----- PROVIDED DATA
lemma soft_thr_layer_patch_error:
  fixes D :: "nat \<Rightarrow> nat \<Rightarrow> real" and g gp hp :: "nat \<Rightarrow> real"
  assumes N: "N \<ge> 1" and mp: "mp \<ge> 1" and mc: "mc \<ge> 1" and np: "np \<ge> 1"
    and cd: "conv_dict N mp mc np D"
    and model: "\<forall>row < N*mp. gp row = mat_vec (N*mc) D g row"
    and nz: "\<exists>c < N*mc. g c \<noteq> 0"
    and err: "patch_l2 N mp np (\<lambda>row. gp row - hp row) \<le> ep"
    and upper: "abs_min_nz (N*mc) g - (real (stripe_l0 N mc np g) - 1)
                  * mutual_coh (N*mp) (N*mc) D * abs_max_nz (N*mc) g - ep > \<beta>"
    and lower: "\<beta> > real (stripe_l0 N mc np g) * mutual_coh (N*mp) (N*mc) D * abs_max_nz (N*mc) g + ep"
  shows "(\<forall>c < N*mc. soft_thr \<beta> (mat_tvec (N*mp) D hp c) \<noteq> 0 \<longleftrightarrow> g c \<noteq> 0)
    \<and> patch_l2 N mc nc (\<lambda>c. g c - soft_thr \<beta> (mat_tvec (N*mp) D hp c))
      \<le> sqrt (real (patch_l0 N mc nc g))
         * (ep + mutual_coh (N*mp) (N*mc) D * (real (stripe_l0 N mc np g) - 1) * abs_max_nz (N*mc) g + \<beta>)"
proof -
  note entrywise = soft_thr_layer_recovery[OF assms]
  obtain c where "c < N*mc" "g c \<noteq> 0" using nz by blast
  hence "ep + mutual_coh (N*mp) (N*mc) D * (real (stripe_l0 N mc np g) - 1) * abs_max_nz (N*mc) g + \<beta> \<ge> 0"
    using entrywise by (meson abs_ge_zero order_trans)
  with entrywise show ?thesis by (auto intro!: patch_l2_le_sqrt_patch_l0[OF N])
qed

theorem theorem4:
  fixes N K :: nat
    and m n :: "nat \<Rightarrow> nat"
    and D :: "nat \<Rightarrow> nat \<Rightarrow> nat \<Rightarrow> real"
    and G Ghat :: "nat \<Rightarrow> nat \<Rightarrow> real"
    and X Y E :: "nat \<Rightarrow> real"
    and \<beta> eps :: "nat \<Rightarrow> real"
    and eps0 :: real
  assumes N_pos: "N \<ge> 1"
    and m0: "m 0 = 1"
    and m_pos: "\<forall>i\<le>K. m i \<ge> 1"
    and n_range: "\<forall>i\<le>K. 1 \<le> n i \<and> n i \<le> N"
    and dict: "\<forall>i. 1 \<le> i \<and> i \<le> K \<longrightarrow> conv_dict N (m (i-1)) (m i) (n (i-1)) (D i)"
    and G0: "G 0 = X"
    and model: "\<forall>i. 1 \<le> i \<and> i \<le> K \<longrightarrow>
                  (\<forall>row < N * m (i-1). G (i-1) row = mat_vec (N * m i) (D i) (G i) row)"
    and nonzero: "\<forall>i. 1 \<le> i \<and> i \<le> K \<longrightarrow> (\<exists>idx < N * m i. G i idx \<noteq> 0)"
    and noisy: "\<forall>row < N. Y row = X row + E row"
    and noise_bd: "patch_l2 N 1 (n 0) E \<le> eps0"
    and Ghat0: "Ghat 0 = Y"
    and Ghat_rec: "\<forall>i. 1 \<le> i \<and> i \<le> K \<longrightarrow>
                  Ghat i = (\<lambda>c. soft_thr (\<beta> i) (mat_tvec (N * m (i-1)) (D i) (Ghat (i-1)) c))"
    and eps_0: "eps 0 = eps0"
    and eps_rec: "\<forall>i. 1 \<le> i \<and> i \<le> K \<longrightarrow>
                  eps i = sqrt (real (patch_l0 N (m i) (n i) (G i))) *
                    (eps (i-1) + mutual_coh (N * m (i-1)) (N * m i) (D i) *
                       (real (stripe_l0 N (m i) (n (i-1)) (G i)) - 1) * abs_max_nz (N * m i) (G i)
                     + \<beta> i)"
    and cond_a: "\<forall>i. 1 \<le> i \<and> i \<le> K \<longrightarrow>
                  real (stripe_l0 N (m i) (n (i-1)) (G i))
                  < 1/2 * (1 + 1 / mutual_coh (N * m (i-1)) (N * m i) (D i) *
                              (abs_min_nz (N * m i) (G i) / abs_max_nz (N * m i) (G i)))
                    - 1 / mutual_coh (N * m (i-1)) (N * m i) (D i) *
                              (eps (i-1) / abs_max_nz (N * m i) (G i))"
    and cond_b: "\<forall>i. 1 \<le> i \<and> i \<le> K \<longrightarrow>
                  abs_min_nz (N * m i) (G i)
                    - (real (stripe_l0 N (m i) (n (i-1)) (G i)) - 1) *
                       mutual_coh (N * m (i-1)) (N * m i) (D i) * abs_max_nz (N * m i) (G i)
                    - eps (i-1) > \<beta> i
                  \<and> \<beta> i > real (stripe_l0 N (m i) (n (i-1)) (G i)) *
                       mutual_coh (N * m (i-1)) (N * m i) (D i) * abs_max_nz (N * m i) (G i)
                    + eps (i-1)"
  shows "\<forall>i. 1 \<le> i \<and> i \<le> K \<longrightarrow>
           (\<forall>idx < N * m i. (Ghat i idx \<noteq> 0 \<longleftrightarrow> G i idx \<noteq> 0))
           \<and> patch_l2 N (m i) (n i) (\<lambda>idx. G i idx - Ghat i idx) \<le> eps i"
proof -
  have layer: "(\<forall>idx < N * m i. (Ghat i idx \<noteq> 0 \<longleftrightarrow> G i idx \<noteq> 0))
      \<and> patch_l2 N (m i) (n i) (\<lambda>idx. G i idx - Ghat i idx) \<le> eps i"
    if i: "1 \<le> i" "i \<le> K"
      and prev: "patch_l2 N (m (i-1)) (n (i-1)) (\<lambda>idx. G (i-1) idx - Ghat (i-1) idx) \<le> eps (i-1)"
    for i
    using soft_thr_layer_patch_error[where mc = "m i" and D = "D i" and g = "G i" and \<beta> = "\<beta> i"
        and nc = "n i", OF N_pos _ _ _ _ _ _ prev] m_pos n_range dict model nonzero cond_b
      Ghat_rec eps_rec i
    by simp
  have bound: "patch_l2 N (m i) (n i) (\<lambda>idx. G i idx - Ghat i idx) \<le> eps i" if "i \<le> K" for i
    using that
  proof (induction i)
    case 0
    have "patch_l2 N (m 0) (n 0) (\<lambda>idx. G 0 idx - Ghat 0 idx) = patch_l2 N 1 (n 0) E"
      unfolding m0 G0 Ghat0 using noisy by (intro patch_l2_cong_abs) simp
    thus ?case using noise_bd eps_0 by simp
  next
    case (Suc i)
    thus ?case using layer[of "Suc i"] by simp
  qed
  show ?thesis by (intro allI impI layer) (auto intro: bound)
qed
----------
REQUIRED ACTION:
The whole of the data must be given again, exactly as shown.

EXERCISE SOLUTION:
lemma soft_thr_layer_patch_error:
  fixes D :: "nat \<Rightarrow> nat \<Rightarrow> real" and g gp hp :: "nat \<Rightarrow> real"
  assumes N: "N \<ge> 1" and mp: "mp \<ge> 1" and mc: "mc \<ge> 1" and np: "np \<ge> 1"
    and cd: "conv_dict N mp mc np D"
    and model: "\<forall>row < N*mp. gp row = mat_vec (N*mc) D g row"
    and nz: "\<exists>c < N*mc. g c \<noteq> 0"
    and err: "patch_l2 N mp np (\<lambda>row. gp row - hp row) \<le> ep"
    and upper: "abs_min_nz (N*mc) g - (real (stripe_l0 N mc np g) - 1)
                  * mutual_coh (N*mp) (N*mc) D * abs_max_nz (N*mc) g - ep > \<beta>"
    and lower: "\<beta> > real (stripe_l0 N mc np g) * mutual_coh (N*mp) (N*mc) D * abs_max_nz (N*mc) g + ep"
  shows "(\<forall>c < N*mc. soft_thr \<beta> (mat_tvec (N*mp) D hp c) \<noteq> 0 \<longleftrightarrow> g c \<noteq> 0)
    \<and> patch_l2 N mc nc (\<lambda>c. g c - soft_thr \<beta> (mat_tvec (N*mp) D hp c))
      \<le> sqrt (real (patch_l0 N mc nc g))
         * (ep + mutual_coh (N*mp) (N*mc) D * (real (stripe_l0 N mc np g) - 1) * abs_max_nz (N*mc) g + \<beta>)"
proof -
  note entrywise = soft_thr_layer_recovery[OF assms]
  obtain c where "c < N*mc" "g c \<noteq> 0" using nz by blast
  hence "ep + mutual_coh (N*mp) (N*mc) D * (real (stripe_l0 N mc np g) - 1) * abs_max_nz (N*mc) g + \<beta> \<ge> 0"
    using entrywise by (meson abs_ge_zero order_trans)
  with entrywise show ?thesis by (auto intro!: patch_l2_le_sqrt_patch_l0[OF N])
qed

theorem theorem4:
  fixes N K :: nat
    and m n :: "nat \<Rightarrow> nat"
    and D :: "nat \<Rightarrow> nat \<Rightarrow> nat \<Rightarrow> real"
    and G Ghat :: "nat \<Rightarrow> nat \<Rightarrow> real"
    and X Y E :: "nat \<Rightarrow> real"
    and \<beta> eps :: "nat \<Rightarrow> real"
    and eps0 :: real
  assumes N_pos: "N \<ge> 1"
    and m0: "m 0 = 1"
    and m_pos: "\<forall>i\<le>K. m i \<ge> 1"
    and n_range: "\<forall>i\<le>K. 1 \<le> n i \<and> n i \<le> N"
    and dict: "\<forall>i. 1 \<le> i \<and> i \<le> K \<longrightarrow> conv_dict N (m (i-1)) (m i) (n (i-1)) (D i)"
    and G0: "G 0 = X"
    and model: "\<forall>i. 1 \<le> i \<and> i \<le> K \<longrightarrow>
                  (\<forall>row < N * m (i-1). G (i-1) row = mat_vec (N * m i) (D i) (G i) row)"
    and nonzero: "\<forall>i. 1 \<le> i \<and> i \<le> K \<longrightarrow> (\<exists>idx < N * m i. G i idx \<noteq> 0)"
    and noisy: "\<forall>row < N. Y row = X row + E row"
    and noise_bd: "patch_l2 N 1 (n 0) E \<le> eps0"
    and Ghat0: "Ghat 0 = Y"
    and Ghat_rec: "\<forall>i. 1 \<le> i \<and> i \<le> K \<longrightarrow>
                  Ghat i = (\<lambda>c. soft_thr (\<beta> i) (mat_tvec (N * m (i-1)) (D i) (Ghat (i-1)) c))"
    and eps_0: "eps 0 = eps0"
    and eps_rec: "\<forall>i. 1 \<le> i \<and> i \<le> K \<longrightarrow>
                  eps i = sqrt (real (patch_l0 N (m i) (n i) (G i))) *
                    (eps (i-1) + mutual_coh (N * m (i-1)) (N * m i) (D i) *
                       (real (stripe_l0 N (m i) (n (i-1)) (G i)) - 1) * abs_max_nz (N * m i) (G i)
                     + \<beta> i)"
    and cond_a: "\<forall>i. 1 \<le> i \<and> i \<le> K \<longrightarrow>
                  real (stripe_l0 N (m i) (n (i-1)) (G i))
                  < 1/2 * (1 + 1 / mutual_coh (N * m (i-1)) (N * m i) (D i) *
                              (abs_min_nz (N * m i) (G i) / abs_max_nz (N * m i) (G i)))
                    - 1 / mutual_coh (N * m (i-1)) (N * m i) (D i) *
                              (eps (i-1) / abs_max_nz (N * m i) (G i))"
    and cond_b: "\<forall>i. 1 \<le> i \<and> i \<le> K \<longrightarrow>
                  abs_min_nz (N * m i) (G i)
                    - (real (stripe_l0 N (m i) (n (i-1)) (G i)) - 1) *
                       mutual_coh (N * m (i-1)) (N * m i) (D i) * abs_max_nz (N * m i) (G i)
                    - eps (i-1) > \<beta> i
                  \<and> \<beta> i > real (stripe_l0 N (m i) (n (i-1)) (G i)) *
                       mutual_coh (N * m (i-1)) (N * m i) (D i) * abs_max_nz (N * m i) (G i)
                    + eps (i-1)"
  shows "\<forall>i. 1 \<le> i \<and> i \<le> K \<longrightarrow>
           (\<forall>idx < N * m i. (Ghat i idx \<noteq> 0 \<longleftrightarrow> G i idx \<noteq> 0))
           \<and> patch_l2 N (m i) (n i) (\<lambda>idx. G i idx - Ghat i idx) \<le> eps i"
proof -
  have layer: "(\<forall>idx < N * m i. (Ghat i idx \<noteq> 0 \<longleftrightarrow> G i idx \<noteq> 0))
      \<and> patch_l2 N (m i) (n i) (\<lambda>idx. G i idx - Ghat i idx) \<le> eps i"
    if i: "1 \<le> i" "i \<le> K"
      and prev: "patch_l2 N (m (i-1)) (n (i-1)) (\<lambda>idx. G (i-1) idx - Ghat (i-1) idx) \<le> eps (i-1)"
    for i
    using soft_thr_layer_patch_error[where mc = "m i" and D = "D i" and g = "G i" and \<beta> = "\<beta> i"
        and nc = "n i", OF N_pos _ _ _ _ _ _ prev] m_pos n_range dict model nonzero cond_b
      Ghat_rec eps_rec i
    by simp
  have bound: "patch_l2 N (m i) (n i) (\<lambda>idx. G i idx - Ghat i idx) \<le> eps i" if "i \<le> K" for i
    using that
  proof (induction i)
    case 0
    have "patch_l2 N (m 0) (n 0) (\<lambda>idx. G 0 idx - Ghat 0 idx) = patch_l2 N 1 (n 0) E"
      unfolding m0 G0 Ghat0 using noisy by (intro patch_l2_cong_abs) simp
    thus ?case using noise_bd eps_0 by simp
  next
    case (Suc i)
    thus ?case using layer[of "Suc i"] by simp
  qed
  show ?thesis by (intro allI impI layer) (auto intro: bound)
qed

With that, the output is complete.